Sunday, January 23, 2000

Roe-Wade anniversary marked by both sides

March, fair focus on abortion decision

The Cincinnati Enquirer

        In Lytle Park, the falling snowflakes reminded Joanne Kemmerer of the 38 million babies who lost their lives to abortion.

        In Corryville, Georgine Getty said the choices teens make about sexuality start long before they face a decision about abortion.

        Saturday marked the 27th anniversary of Roe vs. Wade, the U.S. Supreme Court decision that legalized abortion and polarized the political landscape. In Cincinnati, anti-abortion and abortion rights factions marked the day at sharply contrasting events.

        About 120 marchers prayed the rosary as they tramped through snowy downtown streets for an annual “Pro-Life Rally.” Robed members of the Immaculate Conception Church in Norwood carried a statue of the Virgin Mary as they led the way to Lytle Park, where the crowd applauded speeches from anti-abortion Republican politicians.

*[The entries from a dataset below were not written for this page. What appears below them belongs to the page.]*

theorem theorem1:
  fixes M :: "'s measure" and d k :: nat
    and A :: "(nat \<Rightarrow> nat) \<Rightarrow> (nat \<Rightarrow> nat) \<Rightarrow> real"
    and X :: "nat \<Rightarrow> nat \<Rightarrow> 's \<Rightarrow> real"
  assumes "prob_space M"
    and "prob_space.indep_vars M (\<lambda>_. borel) (\<lambda>p. X (fst p) (snd p)) ({1..k} \<times> {..<d})"
    and "\<forall>i\<in>{1..k}. (\<forall>j<d. rademacher_rv M (X i j)) \<or> (\<forall>j<d. gaussian_rv M (X i j))"
  shows "prob_space.variance M (\<lambda>\<omega>. tquad d k A (\<lambda>i j. X i j \<omega>))
           \<le> (\<Sum>S\<in>{S. S \<subset> {1..k}}. 2 ^ (k - card S) * frob2 d ({1..k} - S) (ptrace d S (ptavg k A)))
       \<and> ((\<forall>i\<in>{1..k}. \<forall>j<d. gaussian_rv M (X i j)) \<longrightarrow>
           prob_space.variance M (\<lambda>\<omega>. tquad d k A (\<lambda>i j. X i j \<omega>))
           = (\<Sum>S\<in>{S. S \<subset> {1..k}}. 2 ^ (k - card S) * frob2 d ({1..k} - S) (ptrace d S (ptavg k A))))"
proof -
  interpret prob_space M by fact
  define gaussian where "gaussian i \<longleftrightarrow> (\<forall>j<d. gaussian_rv M (X i j))" for i
  define \<mu> where "\<mu> i = (if gaussian i then gaussian_moment else rademacher_moment)" for i
  interpret tensor_coordinates M d k X \<mu>
  proof
    fix i j n assume i: "i \<in> {1..k}" and j: "j < d"
    show "integrable M (\<lambda>\<omega>. X i j \<omega> ^ n) \<and> expectation (\<lambda>\<omega>. X i j \<omega> ^ n) = \<mu> i n"
    proof (cases "gaussian i")
      case True
      then show ?thesis using gaussian_rv_moment j by (simp add: \<mu>_def gaussian_def)
    next
      case False
      then have "rademacher_rv M (X i j)" using assms(3) i j by (auto simp: gaussian_def)
      then show ?thesis using rademacher_rv_moment False by (simp add: \<mu>_def)
    qed
  qed (use assms(2) in \<open>auto simp: \<mu>_def gaussian_moment_def rademacher_moment_def fact_numeral\<close>)
  let ?F = "\<lambda>S. frob2 d ({1..k} - S) (ptrace d S (ptavg k A))"
  have "0 \<le> wick_weight i p q \<and> wick_weight i p q \<le> 1" for i p q
    by (simp add: wick_weight_def \<mu>_def gaussian_moment_def rademacher_moment_def fact_numeral)
  then have "weighted_frob2 d ({1..k} - S) wick_weight (ptrace d S (ptavg k A)) \<le> ?F S" for S
    by (rule weighted_frob2_le_frob2)
  then have "variance (\<lambda>\<omega>. tquad d k A (\<lambda>i j. X i j \<omega>)) \<le> (\<Sum>S\<in>{S. S \<subset> {1..k}}. 2 ^ (k - card S) * ?F S)"
    unfolding variance_tquad by (intro sum_mono mult_left_mono) auto
  moreover have "variance (\<lambda>\<omega>. tquad d k A (\<lambda>i j. X i j \<omega>)) = (\<Sum>S\<in>{S. S \<subset> {1..k}}. 2 ^ (k - card S) * ?F S)"
    if "\<forall>i\<in>{1..k}. gaussian i"
    unfolding variance_tquad using that
    by (intro sum.cong refl arg_cong2[where f="(*)"] weighted_frob2_eq_frob2)
       (simp add: wick_weight_def \<mu>_def gaussian_moment_def fact_numeral)
  ultimately show ?thesis unfolding gaussian_def by blast
qed
text \<open>Second moment method: averaging the likelihood ratio over the coordinates in \<open>K\<close>, which
  a symmetric event cannot distinguish, divides its variance by \<open>card K\<close>.\<close>

lemma measure_density_component_diff_le:
  fixes L :: "'a \<Rightarrow> real"
  assumes M: "prob_space M" and L: "L \<in> borel_measurable M" "\<And>t. L t \<ge> 0"
    and L1: "integrable M L" "(\<integral>t. L t \<partial>M) = 1" and L2: "integrable M (\<lambda>t. (L t)\<^sup>2)"
    and I: "finite I" and K: "K \<subseteq> I" "j \<in> K" and S: "S \<in> sets (PiM I (\<lambda>_. M))"
    and sym: "\<And>k x. k \<in> K \<Longrightarrow> x \<in> space (PiM I (\<lambda>_. M)) \<Longrightarrow>
                x \<circ> Transposition.transpose j k \<in> S \<longleftrightarrow> x \<in> S"
  shows "\<bar>measure (density (PiM I (\<lambda>_. M)) (\<lambda>x. L (x j))) S - measure (PiM I (\<lambda>_. M)) S\<bar>
           \<le> sqrt (((\<integral>t. (L t)\<^sup>2 \<partial>M) - 1) / card K)"
proof -
  let ?R = "PiM I (\<lambda>_. M)"
  interpret R: prob_space ?R using M by (intro prob_space_PiM)
  interpret M: prob_space M by (rule M)
  define g where "g = (\<lambda>t. L t - 1)"
  define G where "G = (\<lambda>x. (\<Sum>k\<in>K. g (x k)) / card K)"
  have KI: "k \<in> I" if "k \<in> K" for k using that K by auto
  have cK: "card K > 0" using K finite_subset[OF K(1) I] by (auto simp: card_gt_0_iff)
  have g: "integrable M g" "(\<integral>t. g t \<partial>M) = 0" using L1 by (auto simp: g_def M.prob_space)
  have g2_eq: "(g t)\<^sup>2 = (L t)\<^sup>2 - 2 * L t + 1" for t by (simp add: g_def power2_eq_square algebra_simps)
  have g2: "integrable M (\<lambda>t. (g t)\<^sup>2)" "(\<integral>t. (g t)\<^sup>2 \<partial>M) = (\<integral>t. (L t)\<^sup>2 \<partial>M) - 1"
    unfolding g2_eq using L1 L2 by (auto simp: M.prob_space)
  have iS: "integrable ?R (indicator S :: _ \<Rightarrow> real)"
    using S by (intro integrable_real_indicator) (auto simp: R.emeasure_finite less_top[symmetric])
  have each: "(\<integral>x. g (x k) * indicator S x \<partial>?R)
      = measure (density ?R (\<lambda>x. L (x j))) S - measure ?R S" if k: "k \<in> K" for k
  proof -
    have "integrable ?R (\<lambda>x. L (x k) * indicator S x)"
      using S integral_PiM_component(1)[OF M KI[OF k] L1(1)] by (rule integrable_real_mult_indicator)
    then show ?thesis
      using measure_density_component_swap[OF M L KI[OF K(2)] KI[OF k] S sym[OF k]] iS
        sets.sets_into_space[OF S]
      by (simp add: g_def left_diff_distrib Int_absorb2)
  qed
  have "(\<integral>x. G x * indicator S x \<partial>?R) = (\<Sum>k\<in>K. \<integral>x. g (x k) * indicator S x \<partial>?R) / card K"
    unfolding G_def using integral_PiM_component(1)[OF M KI g(1)] S
    by (simp add: sum_distrib_right integrable_real_mult_indicator)
  also have "\<dots> = measure (density ?R (\<lambda>x. L (x j))) S - measure ?R S"
    using cK by (simp add: each)
  finally have diff: "measure (density ?R (\<lambda>x. L (x j))) S - measure ?R S
      = (\<integral>x. G x * indicator S x \<partial>?R)" ..
  have G2: "integrable ?R (\<lambda>x. (G x)\<^sup>2)" "(\<integral>x. (G x)\<^sup>2 \<partial>?R) = ((\<integral>t. (L t)\<^sup>2 \<partial>M) - 1) / card K"
    using integral_PiM_sum_components_square[OF M I K(1) g(1) g2(1) g(2)] cK
    unfolding g2(2) by (simp_all add: G_def power_divide power2_eq_square[of "real (card K)"])
  have G: "integrable ?R G"
    unfolding G_def using integral_PiM_component(1)[OF M KI g(1)] by simp
  show ?thesis
    unfolding diff G2(2)[symmetric]
    by (rule R.abs_integral_indicator_le_sqrt_second_moment[OF S G G2(1)])
qed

        “The media always thinks we're only concerned about the baby, but we're concerned about the mother, too,” said Mrs. Kemmerer, a candidate for the state legislature. “Abortion is one of the greatest exploitations of women in our time.”

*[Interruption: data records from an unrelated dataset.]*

(* Let $d\ge1$, $x_1<x_2$, $x_0\in[x_1,x_2]$, let $p,r_1,\dots,r_d$ be functions on $[x_1,x_2]$ and $u_0$ a nonvanishing function on $[x_1,x_2]$ such that $M_0=\sup_{[x_1,x_2]}\frac{1}{|pu_0^2|}$ and $M_i=\sup_{[x_1,x_2]}|r_iu_0^2|$ ($i=1,\dots,d$) are finite. Then for every admissible $\mathbf j=\mathbf m+\frac1d\mathbf 1$ with $\mathbf m\in\mathbb Z_{\ge0}^d$ and every $x\in[x_1,x_2]$, $$|X^{(\mathbf j)}(x)|\le c_{\mathbf j}\,M_0^{\left[\frac{|\mathbf j|+1}{2}\right]}M_1^{\left[\frac{j_1-1/d+1}{2}\right]}\cdots M_d^{\left[\frac{j_d-1/d+1}{2}\right]}\,|x-x_0|^{|\mathbf j|}.$$
   Context: $[a]$ denotes the greatest integer not exceeding $a$. Notation: $\int f$ denotes $x\mapsto\int_{x_0}^x f(s)\,ds$; $|\mathbf j|=j_1+\cdots+j_d$; $\delta_i$ the $i$-th standard basis vector; $\mathbf 1=(1,\dots,1)$. Formal powers $X$ are indexed by $\mathbf j=\mathbf m+\frac1d\mathbf 1$ with $\mathbf m\in\mathbb Z^d$ (so $|\mathbf j|=|\mathbf m|+1$); $\mathbf j$ is admissible if at most one $m_i$ is odd. Set $X^{(\frac1d\mathbf 1-\delta_i)}\equiv\frac1d$ ($i=1,\dots,d$); $X^{(\mathbf m+\frac1d\mathbf 1)}\equiv0$ if some $m_i<0$ and $\mathbf m\notin\{-\delta_1,\dots,-\delta_d\}$; for admissible $\mathbf j$ with $\mathbf m\ge0$: if $|\mathbf j|$ is even (exactly one $m_i$ odd), $X^{(\mathbf j)}=|\mathbf j|\int r_iu_0^2X^{(\mathbf j-\delta_i)}$ for that $i$; if $|\mathbf j|$ is odd, $X^{(\mathbf j)}=|\mathbf j|\int\frac{1}{pu_0^2}\sum_{i=1}^dX^{(\mathbf j-\delta_i)}$. The numbers $c_{\mathbf j}$ are defined by $c_{\frac1d\mathbf 1-\delta_i}=1$, $c_{\mathbf m+\frac1d\mathbf 1}=0$ if some $m_i<0$ and $\mathbf m\notin\{-\delta_1,\dots,-\delta_d\}$, and for admissible $\mathbf j$ with $\mathbf m\ge0$: $c_{\mathbf j}=c_{\mathbf j-\delta_i}$ if $|\mathbf j|$ is even (with $m_i$ the odd entry), $c_{\mathbf j}=\sum_{i=1}^dc_{\mathbf j-\delta_i}$ if $|\mathbf j|$ is odd. *)

theory Defs
  imports "HOL-Analysis.Analysis"
begin

text \<open>Multi-indices m in Z^d are vectors of type int^'n with d = CARD('n).
  The formal index j = m + (1/d) 1 is represented by m; |j| = |m| + 1.\<close>

definition delta :: "'n::finite \<Rightarrow> int^'n" where
  "delta i = (\<chi> k. if k = i then 1 else 0)"

definition msum :: "int^'n::finite \<Rightarrow> int" where
  "msum m = (\<Sum>i\<in>UNIV. m $ i)"

definition admissible :: "int^'n::finite \<Rightarrow> bool" where
  "admissible m \<longleftrightarrow> card {i. odd (m $ i)} \<le> 1"

definition oint :: "real \<Rightarrow> real \<Rightarrow> (real \<Rightarrow> real) \<Rightarrow> real" where
  "oint a b f = (if a \<le> b then integral {a..b} f else - integral {b..a} f)"

lemma msum_minus_delta: "msum (m - delta i) = msum m - 1"
  by (simp add: msum_def delta_def sum_subtractf)

lemma msum_nonneg: "\<forall>i. 0 \<le> m $ i \<Longrightarrow> 0 \<le> msum m"
  by (simp add: msum_def sum_nonneg)

function Xfun :: "(real \<Rightarrow> real) \<Rightarrow> ('n::finite \<Rightarrow> real \<Rightarrow> real) \<Rightarrow> (real \<Rightarrow> real)
    \<Rightarrow> real \<Rightarrow> int^'n \<Rightarrow> real \<Rightarrow> real" where
  "Xfun p r u0 x0 m =
    (if \<exists>i. m = - delta i then (\<lambda>x. 1 / real CARD('n))
     else if \<not> (\<forall>i. 0 \<le> m $ i) then (\<lambda>x. 0)
     else if \<not> admissible m then (\<lambda>x. 0)
     else if odd (msum m) then
       (\<lambda>x. real_of_int (msum m + 1) *
          oint x0 x (\<lambda>s. r (THE i. odd (m $ i)) s * (u0 s)\<^sup>2 *
                         Xfun p r u0 x0 (m - delta (THE i. odd (m $ i))) s))
     else
       (\<lambda>x. real_of_int (msum m + 1) *
          oint x0 x (\<lambda>s. 1 / (p s * (u0 s)\<^sup>2) *
                         (\<Sum>i\<in>UNIV. Xfun p r u0 x0 (m - delta i) s))))"
  by pat_completeness auto
termination
  by (relation "Wellfounded.measure (\<lambda>(p, r, u0, x0, m). nat (msum m + 1))")
     (auto simp: msum_minus_delta dest: msum_nonneg)

function cfun :: "int^'n::finite \<Rightarrow> nat" where
  "cfun m =
    (if \<exists>i. m = - delta i then 1
     else if \<not> (\<forall>i. 0 \<le> m $ i) then 0
     else if \<not> admissible m then 0
     else if odd (msum m) then cfun (m - delta (THE i. odd (m $ i)))
     else (\<Sum>i\<in>UNIV. cfun (m - delta i)))"
  by pat_completeness auto
termination
  by (relation "Wellfounded.measure (\<lambda>m. nat (msum m + 1))")
     (auto simp: msum_minus_delta dest: msum_nonneg)

end

theory Submission
  imports Defs
begin

text \<open>Every recursive step multiplies by \<open>|j|\<close> an integral from \<open>x\<^sub>0\<close>
  whose integrand is bounded by \<open>C |s - x\<^sub>0|\<^bsup>|j|-1\<^esup>\<close>, which produces exactly
  \<open>C |x - x\<^sub>0|\<^bsup>|j|\<^esup>\<close>. Along the way \<open>C\<close> picks up a factor \<open>M\<^sub>i\<close> at each step
  through \<open>r\<^sub>i u\<^sub>0\<^sup>2\<close> and a factor \<open>M\<^sub>0\<close> at each step through \<open>1/(p u\<^sub>0\<^sup>2)\<close>; counting
  these steps gives the exponents, and the numerical prefactors add up exactly as the \<open>c\<^sub>j\<close> do.\<close>

lemma has_integral_power_dist_from_endpoint:
  fixes x0 x :: real
  shows "((\<lambda>s. \<bar>s - x0\<bar> ^ n) has_integral \<bar>x - x0\<bar> ^ Suc n / real (Suc n)) (closed_segment x0 x)"
proof (cases "x0 \<le> x")
  case True
  have "((\<lambda>s. (s - x0) ^ Suc n / real (Suc n)) has_real_derivative (s - x0) ^ n) (at s)" for s
    by (auto intro!: derivative_eq_intros simp del: power_Suc)
  then have "((\<lambda>s. (s - x0) ^ n) has_integral (x - x0) ^ Suc n / real (Suc n)) {x0..x}"
    using fundamental_theorem_of_calculus[OF True, of "\<lambda>s. (s - x0) ^ Suc n / real (Suc n)"]
    by (simp add: has_real_derivative_iff_has_vector_derivative[symmetric] has_field_derivative_at_within)
  then show ?thesis
    using True by (simp add: closed_segment_eq_real_ivl) (rule has_integral_eq; simp)
next
  case False
  have "((\<lambda>s. - ((x0 - s) ^ Suc n / real (Suc n))) has_real_derivative (x0 - s) ^ n) (at s)" for s
    by (auto intro!: derivative_eq_intros simp del: power_Suc)
  then have "((\<lambda>s. (x0 - s) ^ n) has_integral (x0 - x) ^ Suc n / real (Suc n)) {x..x0}"
    using False fundamental_theorem_of_calculus[of x x0 "\<lambda>s. - ((x0 - s) ^ Suc n / real (Suc n))"]
    by (simp add: has_real_derivative_iff_has_vector_derivative[symmetric] has_field_derivative_at_within)
  then show ?thesis
    using False by (simp add: closed_segment_eq_real_ivl abs_minus_commute) (rule has_integral_eq; simp)
qed

lemma abs_oint: "\<bar>oint a b f\<bar> = \<bar>integral (closed_segment a b) f\<bar>"
  by (simp add: oint_def closed_segment_eq_real_ivl)

lemma oint_power_bound:
  fixes f :: "real \<Rightarrow> real"
  assumes "0 \<le> C" and bound: "\<And>s. s \<in> closed_segment x0 x \<Longrightarrow> \<bar>f s\<bar> \<le> C * \<bar>s - x0\<bar> ^ n"
  shows "real (Suc n) * \<bar>oint x0 x f\<bar> \<le> C * \<bar>x - x0\<bar> ^ Suc n"
proof -
  have majorant: "((\<lambda>s. C * \<bar>s - x0\<bar> ^ n) has_integral C * (\<bar>x - x0\<bar> ^ Suc n / real (Suc n)))
      (closed_segment x0 x)"
    by (intro has_integral_mult_right has_integral_power_dist_from_endpoint)
  have "\<bar>integral (closed_segment x0 x) f\<bar> \<le> C * (\<bar>x - x0\<bar> ^ Suc n / real (Suc n))"
  proof (cases "f integrable_on closed_segment x0 x")
    case True
    then show ?thesis
      using integral_norm_bound_integral[OF True] majorant bound integral_unique[OF majorant]
      by (metis has_integral_integrable real_norm_def)
  qed (use \<open>0 \<le> C\<close> in \<open>simp add: not_integrable_integral\<close>)
  then show ?thesis
    by (simp add: abs_oint field_simps)
qed

declare Xfun.simps[simp del] cfun.simps[simp del]

lemma msum_neg_delta: "msum (- delta i :: int^'n::finite) = -1"
  by (simp add: msum_def delta_def sum_negf)

lemma neg_delta_not_nonneg: "\<forall>k. 0 \<le> m $ k \<Longrightarrow> m \<noteq> - delta i"
  by (auto simp: delta_def dest!: spec[of _ i])

lemma admissible_odd_unique:
  "admissible m \<Longrightarrow> odd (m $ i) \<Longrightarrow> odd (m $ k) \<Longrightarrow> i = k"
  using card_le_Suc0_iff_eq[of "{i. odd (m $ i)}"] by (auto simp: admissible_def)

lemma admissible_odd_msum_iff:
  assumes "admissible m"
  shows "odd (msum m) \<longleftrightarrow> (\<exists>i. odd (m $ i))"
proof -
  have "odd (msum m) \<longleftrightarrow> card {i. odd (m $ i)} = 1"
    using assms by (auto simp: msum_def even_sum_iff admissible_def le_Suc_eq)
  also have "\<dots> \<longleftrightarrow> (\<exists>i. odd (m $ i))"
    using assms by (auto simp: admissible_def le_Suc_eq card_eq_0_iff card_Suc_eq)
  finally show ?thesis .
qed

lemma Xfun_neg_delta: "Xfun p r u0 x0 (- delta i :: int^'n::finite) x = 1 / real CARD('n)"
  by (subst Xfun.simps) auto

lemma Xfun_eq_0:
  assumes "\<forall>i. m \<noteq> - delta i" and "\<not> ((\<forall>k. 0 \<le> m $ k) \<and> admissible m)"
  shows "Xfun p r u0 x0 m x = 0"
  using assms by (subst Xfun.simps) auto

        A few miles away, at the Mount Auburn Presbyterian Church, a wide range of groups, only some of which focus on the abortion issue, gathered for “Choices Fair 2000.”

        Groups including Planned Parenthood, Postponing Sexual Involvement, AIDS Volunteers of Cincinnati and Parents & Friends of Lesbians and Gays manned tables loaded with brochures, buttons and bumper stickers. Several dozen teens, parents and agency supporters moved from booth to booth asking questions provided at the door to help start conversations.

        Why would gay rights organizations share time with pro-choice groups?

        “It's not just about abortion. The idea is to celebrate the whole range of choices people face in dealing with their sexuality,” said Ms. Getty, event coordinator.

        And given this week's intense debate in Columbus over sex education in the schools, why would the pro-abstinence group Postponing Sexual Involvement be in the same room with Planned Parenthood? One of Planned Parenthood's brochures featured the outlines of a condom and the words “Just use it.”

        “I don't see a conflict,” said Anthony Davis, outreach coordinator for PSI. “We're here to tell teens that it's OK to not have sex. But you have to take kids where they are. If they aren't going to listen in church, or listen to me or listen to other teens, how are we going to save these kids' lives? That's where these other programs (that promote condom use) come in.”